[Saved entries]
┄┄┄┄┄┄┄┄┄┄┄┄┄┄┄┄┄┄┄┄
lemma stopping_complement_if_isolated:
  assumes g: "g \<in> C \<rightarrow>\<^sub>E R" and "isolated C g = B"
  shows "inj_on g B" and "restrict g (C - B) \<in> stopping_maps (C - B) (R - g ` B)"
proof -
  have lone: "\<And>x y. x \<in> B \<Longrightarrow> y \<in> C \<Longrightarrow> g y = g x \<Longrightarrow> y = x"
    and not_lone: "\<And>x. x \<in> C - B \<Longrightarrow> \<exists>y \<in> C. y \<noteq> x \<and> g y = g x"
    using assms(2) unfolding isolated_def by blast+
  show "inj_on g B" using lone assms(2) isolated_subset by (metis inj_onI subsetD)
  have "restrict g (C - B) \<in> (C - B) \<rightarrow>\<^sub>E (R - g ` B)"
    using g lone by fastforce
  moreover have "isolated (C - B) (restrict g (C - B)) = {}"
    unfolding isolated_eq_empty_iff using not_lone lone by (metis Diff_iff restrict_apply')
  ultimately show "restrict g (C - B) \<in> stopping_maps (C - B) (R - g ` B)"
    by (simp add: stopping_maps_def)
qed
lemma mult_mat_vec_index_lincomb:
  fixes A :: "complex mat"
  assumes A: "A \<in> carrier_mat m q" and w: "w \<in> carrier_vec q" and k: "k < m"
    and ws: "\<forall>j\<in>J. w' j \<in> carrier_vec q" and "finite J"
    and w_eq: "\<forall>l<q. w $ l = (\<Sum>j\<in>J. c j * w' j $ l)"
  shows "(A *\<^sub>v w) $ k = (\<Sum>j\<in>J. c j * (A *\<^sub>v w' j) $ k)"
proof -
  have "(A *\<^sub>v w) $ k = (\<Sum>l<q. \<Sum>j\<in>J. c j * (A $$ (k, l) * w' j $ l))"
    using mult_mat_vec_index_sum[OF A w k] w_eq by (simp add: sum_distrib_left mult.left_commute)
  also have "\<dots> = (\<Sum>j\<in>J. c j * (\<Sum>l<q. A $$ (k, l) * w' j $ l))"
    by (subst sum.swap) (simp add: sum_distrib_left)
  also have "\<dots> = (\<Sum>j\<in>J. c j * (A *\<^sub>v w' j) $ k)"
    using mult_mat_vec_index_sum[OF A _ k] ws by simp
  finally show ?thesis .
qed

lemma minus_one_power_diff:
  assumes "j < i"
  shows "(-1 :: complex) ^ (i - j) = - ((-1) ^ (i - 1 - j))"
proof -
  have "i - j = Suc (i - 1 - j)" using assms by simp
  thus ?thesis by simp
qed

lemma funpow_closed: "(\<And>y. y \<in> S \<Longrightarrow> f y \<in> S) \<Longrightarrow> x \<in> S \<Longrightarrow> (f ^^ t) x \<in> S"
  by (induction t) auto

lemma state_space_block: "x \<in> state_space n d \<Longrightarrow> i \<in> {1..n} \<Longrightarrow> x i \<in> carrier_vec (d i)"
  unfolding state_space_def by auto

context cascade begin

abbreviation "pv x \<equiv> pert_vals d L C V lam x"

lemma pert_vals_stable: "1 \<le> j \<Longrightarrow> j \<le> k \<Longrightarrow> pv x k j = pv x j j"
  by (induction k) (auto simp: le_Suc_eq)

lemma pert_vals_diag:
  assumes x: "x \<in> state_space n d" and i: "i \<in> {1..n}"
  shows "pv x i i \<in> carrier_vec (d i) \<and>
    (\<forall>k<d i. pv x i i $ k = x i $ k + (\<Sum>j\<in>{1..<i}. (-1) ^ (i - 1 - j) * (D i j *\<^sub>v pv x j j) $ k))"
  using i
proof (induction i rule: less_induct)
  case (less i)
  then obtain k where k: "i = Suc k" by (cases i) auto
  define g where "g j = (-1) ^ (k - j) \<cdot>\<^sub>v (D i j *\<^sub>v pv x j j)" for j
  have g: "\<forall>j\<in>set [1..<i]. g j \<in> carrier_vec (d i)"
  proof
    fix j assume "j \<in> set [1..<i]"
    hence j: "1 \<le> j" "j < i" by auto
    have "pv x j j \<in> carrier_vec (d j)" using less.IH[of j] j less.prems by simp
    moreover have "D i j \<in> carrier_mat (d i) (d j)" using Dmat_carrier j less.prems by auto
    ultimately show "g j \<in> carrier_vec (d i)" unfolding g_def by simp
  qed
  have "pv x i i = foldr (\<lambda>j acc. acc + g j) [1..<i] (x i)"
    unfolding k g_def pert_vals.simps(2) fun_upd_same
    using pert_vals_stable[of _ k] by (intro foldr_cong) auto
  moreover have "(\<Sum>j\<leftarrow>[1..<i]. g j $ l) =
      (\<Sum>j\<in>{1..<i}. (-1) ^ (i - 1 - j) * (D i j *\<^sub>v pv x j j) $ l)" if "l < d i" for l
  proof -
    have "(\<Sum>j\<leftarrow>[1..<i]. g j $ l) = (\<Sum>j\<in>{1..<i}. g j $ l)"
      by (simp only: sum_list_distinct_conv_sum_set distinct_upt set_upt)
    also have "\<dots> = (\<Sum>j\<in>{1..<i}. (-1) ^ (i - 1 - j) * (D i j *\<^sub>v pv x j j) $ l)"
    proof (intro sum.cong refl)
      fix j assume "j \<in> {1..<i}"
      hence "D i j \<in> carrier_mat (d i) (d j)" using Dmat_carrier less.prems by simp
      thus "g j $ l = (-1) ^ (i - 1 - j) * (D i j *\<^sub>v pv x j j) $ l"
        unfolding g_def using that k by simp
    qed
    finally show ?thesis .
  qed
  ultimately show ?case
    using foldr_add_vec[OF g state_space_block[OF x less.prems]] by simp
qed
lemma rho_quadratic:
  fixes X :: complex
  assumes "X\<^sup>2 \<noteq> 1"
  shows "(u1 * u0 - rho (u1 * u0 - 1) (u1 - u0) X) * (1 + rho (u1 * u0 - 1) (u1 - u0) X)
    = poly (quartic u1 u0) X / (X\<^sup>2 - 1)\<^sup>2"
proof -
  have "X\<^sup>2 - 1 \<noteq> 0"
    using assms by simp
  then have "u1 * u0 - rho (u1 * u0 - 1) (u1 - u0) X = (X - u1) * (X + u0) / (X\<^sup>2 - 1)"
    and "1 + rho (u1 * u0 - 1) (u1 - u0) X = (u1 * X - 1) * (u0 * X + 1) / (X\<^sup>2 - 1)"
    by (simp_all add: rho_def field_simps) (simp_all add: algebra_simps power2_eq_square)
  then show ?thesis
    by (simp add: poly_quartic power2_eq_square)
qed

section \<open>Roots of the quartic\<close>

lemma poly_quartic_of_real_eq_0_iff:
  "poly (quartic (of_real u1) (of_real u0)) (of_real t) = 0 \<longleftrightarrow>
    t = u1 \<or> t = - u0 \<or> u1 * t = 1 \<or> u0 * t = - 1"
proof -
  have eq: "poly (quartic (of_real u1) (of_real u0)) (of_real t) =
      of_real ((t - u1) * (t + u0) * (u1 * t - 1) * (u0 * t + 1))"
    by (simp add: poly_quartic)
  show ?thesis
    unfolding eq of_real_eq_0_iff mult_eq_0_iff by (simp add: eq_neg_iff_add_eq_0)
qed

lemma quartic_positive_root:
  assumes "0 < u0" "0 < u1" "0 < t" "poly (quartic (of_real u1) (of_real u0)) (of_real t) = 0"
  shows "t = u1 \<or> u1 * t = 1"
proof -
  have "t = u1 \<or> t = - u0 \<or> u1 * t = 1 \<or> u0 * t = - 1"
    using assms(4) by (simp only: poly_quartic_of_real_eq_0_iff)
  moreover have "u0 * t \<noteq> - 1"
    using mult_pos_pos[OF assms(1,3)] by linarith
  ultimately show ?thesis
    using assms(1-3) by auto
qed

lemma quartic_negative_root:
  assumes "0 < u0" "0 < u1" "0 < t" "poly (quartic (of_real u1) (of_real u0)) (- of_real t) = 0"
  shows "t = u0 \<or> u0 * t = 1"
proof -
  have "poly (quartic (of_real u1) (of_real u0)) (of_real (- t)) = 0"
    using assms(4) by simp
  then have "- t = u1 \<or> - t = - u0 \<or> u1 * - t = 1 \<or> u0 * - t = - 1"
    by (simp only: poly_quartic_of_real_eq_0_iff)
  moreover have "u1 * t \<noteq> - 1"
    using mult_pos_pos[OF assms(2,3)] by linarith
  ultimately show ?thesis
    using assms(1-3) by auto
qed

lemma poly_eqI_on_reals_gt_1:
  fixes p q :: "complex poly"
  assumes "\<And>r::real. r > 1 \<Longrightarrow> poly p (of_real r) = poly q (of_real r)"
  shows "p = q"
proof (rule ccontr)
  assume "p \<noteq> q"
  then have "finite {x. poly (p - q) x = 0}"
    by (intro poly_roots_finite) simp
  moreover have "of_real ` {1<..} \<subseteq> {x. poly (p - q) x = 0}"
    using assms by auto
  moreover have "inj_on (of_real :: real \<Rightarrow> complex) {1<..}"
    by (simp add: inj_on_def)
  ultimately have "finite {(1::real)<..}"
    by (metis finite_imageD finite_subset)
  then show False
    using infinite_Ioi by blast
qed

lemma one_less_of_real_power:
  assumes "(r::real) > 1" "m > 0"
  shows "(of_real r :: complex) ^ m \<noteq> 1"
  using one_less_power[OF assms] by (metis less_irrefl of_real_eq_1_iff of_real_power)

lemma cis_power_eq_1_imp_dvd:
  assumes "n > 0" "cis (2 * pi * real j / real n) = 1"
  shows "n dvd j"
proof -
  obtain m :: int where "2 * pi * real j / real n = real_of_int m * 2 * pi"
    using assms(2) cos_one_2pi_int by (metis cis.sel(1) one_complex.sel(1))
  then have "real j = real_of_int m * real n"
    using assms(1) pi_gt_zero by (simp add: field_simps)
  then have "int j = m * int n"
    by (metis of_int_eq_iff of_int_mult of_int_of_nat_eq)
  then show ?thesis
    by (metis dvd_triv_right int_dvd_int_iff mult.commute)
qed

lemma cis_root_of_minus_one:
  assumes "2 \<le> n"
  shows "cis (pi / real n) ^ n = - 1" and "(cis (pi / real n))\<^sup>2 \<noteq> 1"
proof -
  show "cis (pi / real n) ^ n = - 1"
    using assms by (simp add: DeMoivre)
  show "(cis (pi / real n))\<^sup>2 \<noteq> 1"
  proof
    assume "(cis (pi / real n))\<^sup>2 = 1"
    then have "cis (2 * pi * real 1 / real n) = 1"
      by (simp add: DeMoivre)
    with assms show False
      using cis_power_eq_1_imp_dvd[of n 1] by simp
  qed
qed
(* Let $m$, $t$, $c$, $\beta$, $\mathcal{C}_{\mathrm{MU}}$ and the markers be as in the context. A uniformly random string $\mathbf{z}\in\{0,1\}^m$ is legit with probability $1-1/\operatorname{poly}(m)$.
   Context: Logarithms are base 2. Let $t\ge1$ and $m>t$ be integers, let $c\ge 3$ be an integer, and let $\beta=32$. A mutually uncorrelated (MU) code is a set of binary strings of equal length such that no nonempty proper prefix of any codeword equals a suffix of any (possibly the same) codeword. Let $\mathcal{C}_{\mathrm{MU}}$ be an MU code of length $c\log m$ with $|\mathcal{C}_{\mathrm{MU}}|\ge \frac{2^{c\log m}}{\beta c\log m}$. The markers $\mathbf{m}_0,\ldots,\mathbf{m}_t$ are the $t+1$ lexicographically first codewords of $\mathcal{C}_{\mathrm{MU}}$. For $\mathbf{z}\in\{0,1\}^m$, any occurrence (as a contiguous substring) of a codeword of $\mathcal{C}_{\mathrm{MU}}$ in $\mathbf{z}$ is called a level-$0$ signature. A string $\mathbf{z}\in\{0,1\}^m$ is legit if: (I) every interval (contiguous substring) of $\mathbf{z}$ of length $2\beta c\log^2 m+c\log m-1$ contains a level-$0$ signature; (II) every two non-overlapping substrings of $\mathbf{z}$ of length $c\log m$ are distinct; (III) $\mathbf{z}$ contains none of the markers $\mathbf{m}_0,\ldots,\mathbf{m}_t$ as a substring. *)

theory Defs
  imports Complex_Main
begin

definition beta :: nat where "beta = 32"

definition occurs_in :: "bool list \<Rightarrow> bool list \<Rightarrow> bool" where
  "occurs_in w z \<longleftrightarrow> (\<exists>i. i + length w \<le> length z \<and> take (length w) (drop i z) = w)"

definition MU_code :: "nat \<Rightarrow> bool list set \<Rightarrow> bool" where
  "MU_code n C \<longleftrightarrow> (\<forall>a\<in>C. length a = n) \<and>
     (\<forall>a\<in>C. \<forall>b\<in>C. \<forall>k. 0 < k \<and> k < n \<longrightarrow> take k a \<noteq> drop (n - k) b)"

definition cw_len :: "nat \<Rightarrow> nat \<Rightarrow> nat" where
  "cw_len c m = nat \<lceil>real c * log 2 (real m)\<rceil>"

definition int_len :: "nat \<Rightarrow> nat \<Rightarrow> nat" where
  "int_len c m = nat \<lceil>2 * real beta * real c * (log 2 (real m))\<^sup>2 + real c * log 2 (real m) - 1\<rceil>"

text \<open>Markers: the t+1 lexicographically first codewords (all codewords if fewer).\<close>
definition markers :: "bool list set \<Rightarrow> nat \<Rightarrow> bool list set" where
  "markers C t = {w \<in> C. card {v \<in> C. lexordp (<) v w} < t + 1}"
┄┄┄┄┄┄┄┄┄┄┄┄┄┄┄┄┄┄┄┄
## What you are asked to do
Only one stretch of the data above is needed. Restate it word for word, from the line containing "t) = 0 \<longleftrightarrow>" through the line containing "using assms(4) by simp", both ends included.

## Solution for this task
  "poly (quartic (of_real u1) (of_real u0)) (of_real t) = 0 \<longleftrightarrow>
    t = u1 \<or> t = - u0 \<or> u1 * t = 1 \<or> u0 * t = - 1"
proof -
  have eq: "poly (quartic (of_real u1) (of_real u0)) (of_real t) =
      of_real ((t - u1) * (t + u0) * (u1 * t - 1) * (u0 * t + 1))"
    by (simp add: poly_quartic)
  show ?thesis
    unfolding eq of_real_eq_0_iff mult_eq_0_iff by (simp add: eq_neg_iff_add_eq_0)
qed

lemma quartic_positive_root:
  assumes "0 < u0" "0 < u1" "0 < t" "poly (quartic (of_real u1) (of_real u0)) (of_real t) = 0"
  shows "t = u1 \<or> u1 * t = 1"
proof -
  have "t = u1 \<or> t = - u0 \<or> u1 * t = 1 \<or> u0 * t = - 1"
    using assms(4) by (simp only: poly_quartic_of_real_eq_0_iff)
  moreover have "u0 * t \<noteq> - 1"
    using mult_pos_pos[OF assms(1,3)] by linarith
  ultimately show ?thesis
    using assms(1-3) by auto
qed

lemma quartic_negative_root:
  assumes "0 < u0" "0 < u1" "0 < t" "poly (quartic (of_real u1) (of_real u0)) (- of_real t) = 0"
  shows "t = u0 \<or> u0 * t = 1"
proof -
  have "poly (quartic (of_real u1) (of_real u0)) (of_real (- t)) = 0"
    using assms(4) by simp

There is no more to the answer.